5.1 Understanding the spatial variability of convective boundary layer depth around an isolated mountain with a factor separation approach

Tuesday, 19 August 2014: 8:00 AM
Kon Tiki Ballroom (Catamaran Resort Hotel)
Stephan F. J. De Wekker, Univ. of Virginia, Charlottesville, VA; and S. Serafin

Granite Peak, located in the Dugway Proving Ground in western Utah, is an isolated mountain rising ~800 m above the surrounding terrain. It has an approximately ellipsoidal shape, with main north-south and east-west axes ~10 and ~6-km long, respectively. Granite peak separates a flat dry lake (playa) to the west from arid shrubland to the east. The plain east of Granite peak slopes gently towards the northwest. These topography and land-use features favor the evolution of different terrain-induced flows in the area. In particular, upslope winds along the sidewalls of Granite Peak and lake breezes between the playa and the adjacent plain develop on fair weather days with strong solar forcing. The presence of these terrain-induced flows may have a non-negligible impact on the structure of the convective boundary layer (CBL).

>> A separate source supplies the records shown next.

(* Let $\langle\mathbf{B},\mathbf{I}\rangle$ be a Bochvar system. Let $\mathbb{A}_{\mathbb{B}}$ be the semilattice direct system with: - index join-semilattice $I$ ordered dually to $\mathbf{B}$, with least element $1$; - fibres $\mathbf{B}/[i)$ for $i\in I$; - maps $p_{ij}(a/[i))=a/[j)$ for $j\le_{\mathbf{B}}i$. Then the Płonka sum of $\mathbb{A}_{\mathbb{B}}$, an algebra of type $\langle\wedge,\vee,\neg,0,1\rangle$, is the $\{\wedge,\vee,\neg,0,1\}$-reduct of a unique Bochvar algebra. In other words, there is exactly one unary operation $J_2$ on it making it a Bochvar algebra.
   Context: A Bochvar system is a pair $\langle\mathbf{B},\mathbf{I}\rangle$ where $\mathbf{B}$ is a Boolean algebra and $I\subseteq B$ contains $1$ and is closed under $\wedge$. $[i)$ is the principal filter of $\mathbf{B}$ generated by $i$. $\mathbf{B}/[i)$ is the quotient by $\{\langle a,b\rangle:(\neg a\vee b)\wedge(\neg b\vee a)\in[i)\}$. Płonka sum of a semilattice direct system $\langle\{\mathbf{A}_i\},\langle I,\vee,i_0\rangle,\{p_{ij}\}\rangle$: the universe is the disjoint union of the $A_i$. Operations are $g(a_1,\dots,a_n)=g^{\mathbf{A}_k}(p_{i_1k}(a_1),\dots,p_{i_nk}(a_n))$ for $a_m\in A_{i_m}$ and $k=\bigvee i_m$; constants are those of $\mathbf{A}_{i_0}$. $\mathbf{WK}^e$ is the three-element algebra on $\{0,\tfrac12,1\}$ of type $\langle\wedge,\vee,\neg,J_2,0,1\rangle$. Its operations are: - $\neg$ swaps $0,1$ and fixes $\tfrac12$; - $\wedge,\vee$ are Boolean on $\{0,1\}$ and return $\tfrac12$ whenever some argument is $\tfrac12$; - $J_2(1)=1$ and $J_2(\tfrac12)=J_2(0)=0$. Bochvar algebras are the members of $ISP(\mathbf{WK}^e)$. *)

theory Defs
  imports Main
begin

datatype wk = W0 | Wh | W1

fun wk_neg :: "wk \<Rightarrow> wk" where
  "wk_neg W0 = W1" | "wk_neg W1 = W0" | "wk_neg Wh = Wh"

fun wk_and :: "wk \<Rightarrow> wk \<Rightarrow> wk" where
  "wk_and Wh _ = Wh" | "wk_and _ Wh = Wh"
| "wk_and W1 W1 = W1" | "wk_and W1 W0 = W0" | "wk_and W0 W1 = W0" | "wk_and W0 W0 = W0"

fun wk_or :: "wk \<Rightarrow> wk \<Rightarrow> wk" where
  "wk_or Wh _ = Wh" | "wk_or _ Wh = Wh"
| "wk_or W0 W0 = W0" | "wk_or W1 W0 = W1" | "wk_or W0 W1 = W1" | "wk_or W1 W1 = W1"

fun wk_J2 :: "wk \<Rightarrow> wk" where
  "wk_J2 W1 = W1" | "wk_J2 Wh = W0" | "wk_J2 W0 = W0"

text \<open>An algebra of type (and, or, neg, J2, 0, 1) with carrier U (given as a subset of
  some type 'b, operations given as functions on 'b) lies in ISP(WK^e) iff U is closed under
  the operations and there is an injective homomorphism h from it into the direct power
  (WK^e)^X for some index set X. The index set is taken from the type 'b => wk, which is
  large enough for every algebra on a carrier in 'b.\<close>

definition bochvar_algebra ::
  "'b set \<Rightarrow> ('b \<Rightarrow> 'b \<Rightarrow> 'b) \<Rightarrow> ('b \<Rightarrow> 'b \<Rightarrow> 'b) \<Rightarrow> ('b \<Rightarrow> 'b) \<Rightarrow> ('b \<Rightarrow> 'b)
   \<Rightarrow> 'b \<Rightarrow> 'b \<Rightarrow> bool" where
  "bochvar_algebra U mt jn ng j2 z u \<longleftrightarrow>
     (\<forall>x\<in>U. \<forall>y\<in>U. mt x y \<in> U \<and> jn x y \<in> U) \<and>
     (\<forall>x\<in>U. ng x \<in> U \<and> j2 x \<in> U) \<and> z \<in> U \<and> u \<in> U \<and>
     (\<exists>(X :: ('b \<Rightarrow> wk) set) (h :: 'b \<Rightarrow> ('b \<Rightarrow> wk) \<Rightarrow> wk).
        (\<forall>x\<in>U. \<forall>y\<in>U. \<forall>s\<in>X. h (mt x y) s = wk_and (h x s) (h y s)) \<and>
        (\<forall>x\<in>U. \<forall>y\<in>U. \<forall>s\<in>X. h (jn x y) s = wk_or (h x s) (h y s)) \<and>
        (\<forall>x\<in>U. \<forall>s\<in>X. h (ng x) s = wk_neg (h x s)) \<and>
        (\<forall>x\<in>U. \<forall>s\<in>X. h (j2 x) s = wk_J2 (h x s)) \<and>
        (\<forall>s\<in>X. h z s = W0) \<and> (\<forall>s\<in>X. h u s = W1) \<and>
        (\<forall>x\<in>U. \<forall>y\<in>U. (\<forall>s\<in>X. h x s = h y s) \<longrightarrow> x = y))"

definition bochvar_system :: "'a::boolean_algebra set \<Rightarrow> bool" where
  "bochvar_system I \<longleftrightarrow> top \<in> I \<and> (\<forall>i\<in>I. \<forall>j\<in>I. inf i j \<in> I)"

text \<open>The class a/[i) of a in B/[i), where [i) = {x. i \<le> x} is the principal filter.\<close>
definition fcls :: "'a::boolean_algebra \<Rightarrow> 'a \<Rightarrow> 'a set" where
  "fcls i a = {b. inf (sup (- a) b) (sup (- b) a) \<in> {x. i \<le> x}}"

definition crep :: "'a set \<Rightarrow> 'a" where
  "crep S = (SOME a. a \<in> S)"

definition ptrans :: "'a::boolean_algebra \<Rightarrow> 'a set \<Rightarrow> 'a set" where
  "ptrans j S = fcls j (crep S)"

text \<open>Elements of the Plonka sum: pairs (i, a/[i)) with i \<in> I (disjoint union of fibres).\<close>
definition pl_univ :: "'a::boolean_algebra set \<Rightarrow> ('a \<times> 'a set) set" where
  "pl_univ I = {(i, fcls i a) | i a. i \<in> I}"

text \<open>The join in the index semilattice (ordered dually to B) is the meet of B.\<close>
definition pl_meet :: "('a::boolean_algebra \<times> 'a set) \<Rightarrow> ('a \<times> 'a set) \<Rightarrow> ('a \<times> 'a set)" where
  "pl_meet x y = (let k = inf (fst x) (fst y) in
     (k, fcls k (inf (crep (ptrans k (snd x))) (crep (ptrans k (snd y))))))"

definition pl_join :: "('a::boolean_algebra \<times> 'a set) \<Rightarrow> ('a \<times> 'a set) \<Rightarrow> ('a \<times> 'a set)" where
  "pl_join x y = (let k = inf (fst x) (fst y) in
     (k, fcls k (sup (crep (ptrans k (snd x))) (crep (ptrans k (snd y))))))"

definition pl_neg :: "('a::boolean_algebra \<times> 'a set) \<Rightarrow> ('a \<times> 'a set)" where
  "pl_neg x = (fst x, fcls (fst x) (- crep (snd x)))"

text \<open>Constants come from the fibre at the least index 1 (= top of B).\<close>
definition pl_zero :: "('a::boolean_algebra \<times> 'a set)" where
  "pl_zero = (top, fcls top bot)"

definition pl_one :: "('a::boolean_algebra \<times> 'a set)" where
  "pl_one = (top, fcls top top)"

end

(*
  Points of the Plonka sum are pairs (i, a/[i)).  An ultrafilter \<phi> of B sends such a pair to 1/2
  if i \<notin> \<phi>, and otherwise to 1 or 0 according as a \<in> \<phi>.  With J2 (i, a/[i)) = (1, (i \<and> a)/[1))
  these evaluations are homomorphisms into WK^e, and since the ultrafilters of B separate its
  elements, they jointly separate the points of the sum: this J2 makes it a Bochvar algebra.

  Conversely, the laws J2 x \<or> \<not>J2 x = 1, \<not>J2 x \<and> x = x \<and> \<not>x, and J2 x \<and> g = 0 whenever
  g \<or> \<not>g = 1 and x \<and> g = x \<and> \<not>x hold in WK^e and hence in every Bochvar algebra.  In the
  Plonka sum the first puts J2 x into the fibre over 1, the second gives i \<and> a \<le> J2 x, and the
  third, applied to g = \<not>(i \<and> a)/[1), gives J2 x \<le> i \<and> a.
*)

theory Submission
  imports Defs
begin

section \<open>Ultrafilters of a Boolean algebra\<close>

definition proper_filter :: "'a::boolean_algebra set \<Rightarrow> bool" where
  "proper_filter F \<longleftrightarrow> top \<in> F \<and> bot \<notin> F \<and> (\<forall>x\<in>F. \<forall>y. x \<le> y \<longrightarrow> y \<in> F) \<and>
     (\<forall>x\<in>F. \<forall>y\<in>F. inf x y \<in> F)"

text \<open>A two-valued homomorphism is the characteristic function of an ultrafilter.\<close>

definition bool_hom :: "('a::boolean_algebra \<Rightarrow> bool) \<Rightarrow> bool" where
  "bool_hom \<phi> \<longleftrightarrow> \<phi> top \<and> (\<forall>a b. \<phi> (inf a b) = (\<phi> a \<and> \<phi> b)) \<and> (\<forall>a. \<phi> (- a) = (\<not> \<phi> a))"

lemma bool_hom_simps:
  assumes "bool_hom \<phi>"
  shows "\<phi> top" "\<not> \<phi> bot" "\<phi> (inf a b) \<longleftrightarrow> \<phi> a \<and> \<phi> b" "\<phi> (sup a b) \<longleftrightarrow> \<phi> a \<or> \<phi> b"
    "\<phi> (- a) \<longleftrightarrow> \<not> \<phi> a"
proof -
  show top: "\<phi> top" and inf: "\<phi> (inf a b) \<longleftrightarrow> \<phi> a \<and> \<phi> b" and compl: "\<phi> (- a) \<longleftrightarrow> \<not> \<phi> a"
    for a b using assms by (auto simp: bool_hom_def)
  show "\<not> \<phi> bot"
    using compl[of top] top by simp
  show "\<phi> (sup a b) \<longleftrightarrow> \<phi> a \<or> \<phi> b"
    using compl[of "inf (- a) (- b)"] inf[of "- a" "- b"] compl by simp
qed

lemma proper_filter_principal: "c \<noteq> bot \<Longrightarrow> proper_filter {x. c \<le> x}"
  by (auto simp: proper_filter_def bot_unique intro: order_trans)

lemma proper_filter_chain_Union:
  assumes "C \<noteq> {}" "subset.chain {F. proper_filter F} C"
  shows "proper_filter (\<Union>C)"
proof -
  have filters: "\<And>F. F \<in> C \<Longrightarrow> proper_filter F"
    and chain: "\<And>F G. F \<in> C \<Longrightarrow> G \<in> C \<Longrightarrow> F \<subseteq> G \<or> G \<subseteq> F"
    using assms(2) by (auto simp: subset.chain_def)
  show ?thesis
    unfolding proper_filter_def
  proof (intro conjI ballI allI impI)
    show "top \<in> \<Union>C"
      using assms(1) filters by (auto simp: proper_filter_def)
    show "bot \<notin> \<Union>C"
      using filters by (auto simp: proper_filter_def)
    show "y \<in> \<Union>C" if "x \<in> \<Union>C" "x \<le> y" for x y
      using that filters unfolding proper_filter_def by blast
    show "inf x y \<in> \<Union>C" if xy: "x \<in> \<Union>C" "y \<in> \<Union>C" for x y
    proof -
      obtain F G where "F \<in> C" "G \<in> C" "x \<in> F" "y \<in> G"
        using xy by blast
      with chain[of F G] obtain H where "H \<in> C" "x \<in> H" "y \<in> H"
        by blast
      with filters[of H] show ?thesis
        unfolding proper_filter_def by blast
    qed
  qed
qed

lemma proper_filter_extend:
  assumes F: "proper_filter F" and "- a \<notin> F"
  shows "proper_filter {x. \<exists>f\<in>F. inf f a \<le> x}"
proof -
  let ?G = "{x. \<exists>f\<in>F. inf f a \<le> x}"
  have top: "top \<in> F" and up: "\<And>x y. x \<in> F \<Longrightarrow> x \<le> y \<Longrightarrow> y \<in> F"
    and meet: "\<And>x y. x \<in> F \<Longrightarrow> y \<in> F \<Longrightarrow> inf x y \<in> F"
    using F by (auto simp: proper_filter_def)
  show ?thesis
    unfolding proper_filter_def
  proof (intro conjI ballI allI impI)
    show "top \<in> ?G"
      using top by auto
    show "bot \<notin> ?G"
    proof
      assume "bot \<in> ?G"
      then obtain f where "f \<in> F" "inf f a = bot"
        using bot_unique by auto
      then have "- a \<in> F"
        using up by (simp add: inf_shunt)
      with \<open>- a \<notin> F\<close> show False ..
    qed
    show "y \<in> ?G" if "x \<in> ?G" "x \<le> y" for x y
      using that order_trans by blast
    show "inf x y \<in> ?G" if xy: "x \<in> ?G" "y \<in> ?G" for x y
    proof -
      obtain f g where fg: "f \<in> F" "g \<in> F" "inf f a \<le> x" "inf g a \<le> y"
        using xy by blast
      have "inf (inf f g) a \<le> inf (inf f a) (inf g a)"
        by (simp add: inf.coboundedI1 inf.coboundedI2)
      also have "\<dots> \<le> inf x y"
        using fg(3,4) by (rule inf_mono)
      finally show ?thesis
        using meet[OF fg(1,2)] by blast
    qed
  qed
qed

This study aims to understand how slope winds and lake breezes affect the atmospheric boundary layer around Granite Peak, with a particular focus on the CBL depth. It is known that upslope flows can cause a local reduction of CBL depth at the base of mountain slopes. However, the possibly nonlinear interaction between slope winds and the lake breeze system, and its impact on the CBL depth, is currently poorly understood.

A set of semi-idealized very-large eddy simulations is presented. A factor separation approach is employed to assess the pure contributions to the CBL depth of orographic effects and of the spatial heterogeneity of sensible heat fluxes. The interaction between these two factors is shown to locally reduce the CBL thickness compared to a case where neither is active. Different prototypical flows, with large-scale winds impinging on Granite Peak from southerly and northerly quadrants, are analyzed. Modeled scenarios are compared with estimates of the CBL depth obtained from airborne backscatter lidar scans, performed during a recent field campaign of the MATERHORN project.